AEB-L, boxelder burl and African Blackwood, featuring the new and improved makers mark. Thanks for looking!


----------



## HumbleHomeCook (Jun 20, 2021)

That is a very lucky friend. Gorgeous!


----------



## Seffers93 (Jun 20, 2021)

HumbleHomeCook said:


> That is a very lucky friend. Gorgeous!



Thank you!!


----------



## birdsfan (Jun 20, 2021)

Really nice profile Seth! Good flat cutting area with just enough curl at the tip to accomodate us German bred rock cutters. I like the way you made the finger inset, but took care to ease the heel. All in all very thoughtful design. Care to post a choil shot to show off your grind?


----------



## Seffers93 (Jun 22, 2021)

birdsfan said:


> Really nice profile Seth! Good flat cutting area with just enough curl at the tip to accomodate us German bred rock cutters. I like the way you made the finger inset, but took care to ease the heel. All in all very thoughtful design. Care to post a choil shot to show off your grind?

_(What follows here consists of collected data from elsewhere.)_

(* For any type $\sigma$, there are countably many regular families of $\sigma$-forests.
   Context: A type $\sigma$ is a finite set of relation symbols with arities; a $\sigma$-structure is a finite set with an $r$-ary relation for each symbol of arity $r$. $\mathrm{Inc}(\mathbf A)$ is the bipartite multigraph with parts $V(\mathbf A)$ and the blocks $(R,(x_1,\dots,x_r))$, $(x_1,\dots,x_r)\in R(\mathbf A)$, with one edge joining $x_i$ to the block for each $i$; $\mathbf A$ is a $\sigma$-forest if $\mathrm{Inc}(\mathbf A)$ has no cycles or parallel edges. $\mathbb F$ is the set of isomorphism classes of $\sigma$-forests, $\mathbb F_{\mathrm r}$ that of rooted $\sigma$-forests $(\mathbf A,a)$. $(\mathbf A,a)+(\mathbf B,b)$: disjoint union with $a,b$ identified as new root; $[(\mathbf A,a)]$ forgets the root. A family $\mathcal O\subseteq\mathbb F$ is regular if there are only finitely many distinct sets $\mathcal O-(\mathbf A,a)=\{(\mathbf B,b)\in\mathbb F_{\mathrm r}:[(\mathbf A,a)+(\mathbf B,b)]\in\mathcal O\}$, $(\mathbf A,a)\in\mathbb F_{\mathrm r}$. *)

theory Defs
  imports Main "HOL-Library.Countable_Set"
begin

text \<open>A type sigma is given by a finite type 'r of relation symbols together with an
arity function ar :: 'r => nat.  A sigma-structure is represented concretely by a
universe (a finite set of natural numbers) and, for each symbol R, a set of tuples
(lists of length ar R) over the universe.  Isomorphism classes are handled by working
with isomorphism-closed sets of concrete structures.\<close>

type_synonym 'r struc = "nat set \<times> ('r \<Rightarrow> nat list set)"

definition is_struc :: "('r \<Rightarrow> nat) \<Rightarrow> 'r struc \<Rightarrow> bool" where
  "is_struc ar A \<longleftrightarrow> finite (fst A) \<and>
     (\<forall>R. \<forall>t\<in>snd A R. length t = ar R \<and> set t \<subseteq> fst A)"

definition blocks :: "'r struc \<Rightarrow> ('r \<times> nat list) set" where
  "blocks A = {(R, t). t \<in> snd A R}"

text \<open>Inc(A) has parallel edges iff some block contains a repeated vertex.\<close>
definition no_parallel :: "'r struc \<Rightarrow> bool" where
  "no_parallel A \<longleftrightarrow> (\<forall>b\<in>blocks A. distinct (snd b))"

text \<open>A cycle in the bipartite graph Inc(A) (without parallel edges): distinct vertices
v_0..v_(k-1), k >= 2, and distinct blocks b_0..b_(k-1) such that b_i contains v_i and
v_(i+1 mod k).\<close>
definition has_cycle :: "'r struc \<Rightarrow> bool" where
  "has_cycle A \<longleftrightarrow> (\<exists>vs bs. length vs = length bs \<and> 2 \<le> length vs \<and>
      distinct vs \<and> distinct bs \<and> set bs \<subseteq> blocks A \<and>
      (\<forall>i<length vs. vs ! i \<in> set (snd (bs ! i)) \<and>
                     vs ! ((i + 1) mod length vs) \<in> set (snd (bs ! i))))"

definition is_forest :: "('r \<Rightarrow> nat) \<Rightarrow> 'r struc \<Rightarrow> bool" where
  "is_forest ar A \<longleftrightarrow> is_struc ar A \<and> no_parallel A \<and> \<not> has_cycle A"

definition rooted_forest :: "('r \<Rightarrow> nat) \<Rightarrow> 'r struc \<Rightarrow> nat \<Rightarrow> bool" where
  "rooted_forest ar A a \<longleftrightarrow> is_forest ar A \<and> a \<in> fst A"

definition struc_iso :: "'r struc \<Rightarrow> 'r struc \<Rightarrow> bool" where
  "struc_iso A B \<longleftrightarrow> (\<exists>f. bij_betw f (fst A) (fst B) \<and> (\<forall>R. snd B R = map f ` snd A R))"

text \<open>(A,a) + (B,b): disjoint union with a and b identified; the root is forgotten
(only the underlying structure is returned, i.e. [(A,a)+(B,b)]).\<close>
definition glue :: "'r struc \<Rightarrow> nat \<Rightarrow> 'r struc \<Rightarrow> nat \<Rightarrow> 'r struc" where
  "glue A a B b =
    (let fA = (\<lambda>x. 2 * x); fB = (\<lambda>y. if y = b then 2 * a else 2 * y + 1)
     in (fA ` fst A \<union> fB ` fst B, \<lambda>R. map fA ` snd A R \<union> map fB ` snd B R))"

definition forest_family :: "('r \<Rightarrow> nat) \<Rightarrow> 'r struc set \<Rightarrow> bool" where
  "forest_family ar F \<longleftrightarrow> F \<subseteq> {A. is_forest ar A} \<and>
     (\<forall>A B. A \<in> F \<longrightarrow> struc_iso A B \<longrightarrow> B \<in> F)"

definition residual :: "('r \<Rightarrow> nat) \<Rightarrow> 'r struc set \<Rightarrow> 'r struc \<Rightarrow> nat \<Rightarrow> ('r struc \<times> nat) set" where
  "residual ar F A a = {(B, b). rooted_forest ar B b \<and> glue A a B b \<in> F}"

definition regular_family :: "('r \<Rightarrow> nat) \<Rightarrow> 'r struc set \<Rightarrow> bool" where
  "regular_family ar F \<longleftrightarrow>
     finite ((\<lambda>(A, a). residual ar F A a) ` {(A, a). rooted_forest ar A a})"

end

theory Submission
  imports Defs
begin

text \<open>Every rooted forest is, up to renaming, an assembly of strictly smaller rooted forests along
  one of finitely many skeletons: a lone root with nullary facts, a root split off from the rest,
  or a block through the root with one piece hanging at each of its positions. The residual of an
  assembly depends only on the residuals of its pieces, so for a regular family the finitely many
  residual classes, numbered by labels, obey a finite transition table. By induction on size, this
  table together with the accepted labels and the members with empty universe determines the
  family, and such finite data range over a countable set.\<close>

section \<open>Operations on structures\<close>

definition map_struc :: "(nat \<Rightarrow> nat) \<Rightarrow> 'r struc \<Rightarrow> 'r struc" where
  "map_struc f A = (f ` fst A, \<lambda>R. map f ` snd A R)"

definition union_struc :: "'r struc \<Rightarrow> 'r struc \<Rightarrow> 'r struc" where
  "union_struc A B = (fst A \<union> fst B, \<lambda>R. snd A R \<union> snd B R)"

definition Union_struc :: "'i set \<Rightarrow> ('i \<Rightarrow> 'r struc) \<Rightarrow> 'r struc" where
  "Union_struc I A = (\<Union>j\<in>I. fst (A j), \<lambda>R. \<Union>j\<in>I. snd (A j) R)"

definition restrict_struc :: "'r struc \<Rightarrow> nat set \<Rightarrow> 'r struc" where
  "restrict_struc A K = (K, \<lambda>R. {t \<in> snd A R. set t \<subseteq> K})"

definition nullary_struc :: "nat set \<Rightarrow> 'r set \<Rightarrow> 'r struc" where
  "nullary_struc V N = (V, \<lambda>R. if R \<in> N then {[]} else {})"

definition tuple_struc :: "'r \<Rightarrow> nat list \<Rightarrow> 'r struc" where
  "tuple_struc R t = (set t, \<lambda>S. if S = R then {t} else {})"

definition closed_struc :: "'r struc \<Rightarrow> bool" where
  "closed_struc A \<longleftrightarrow> (\<forall>R. \<forall>t\<in>snd A R. set t \<subseteq> fst A)"

lemma fst_map_struc [simp]: "fst (map_struc f A) = f ` fst A"
  and snd_map_struc [simp]: "snd (map_struc f A) R = map f ` snd A R"
  by (simp_all add: map_struc_def)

Thank you! I really appreciate the feedback. I just remembered to take a choil shot before sending it out. Almost forgot! One shot was a little dusty and both are somewhat blurry at the edge. Still working on my choil shot skills!


----------



## birdsfan (Jun 22, 2021)

Nice grind! Looks real thin behind the edge!


----------



## Seffers93 (Jun 22, 2021)

birdsfan said:


> Nice grind! Looks real thin behind the edge!



Thanks! It definitely is. Cuts like a dream too! I was really happy with the turnout on this one. Thanks again for the feedback!


----------



## matchplay18 (Aug 24, 2021)

Nice grind and attention to detail


----------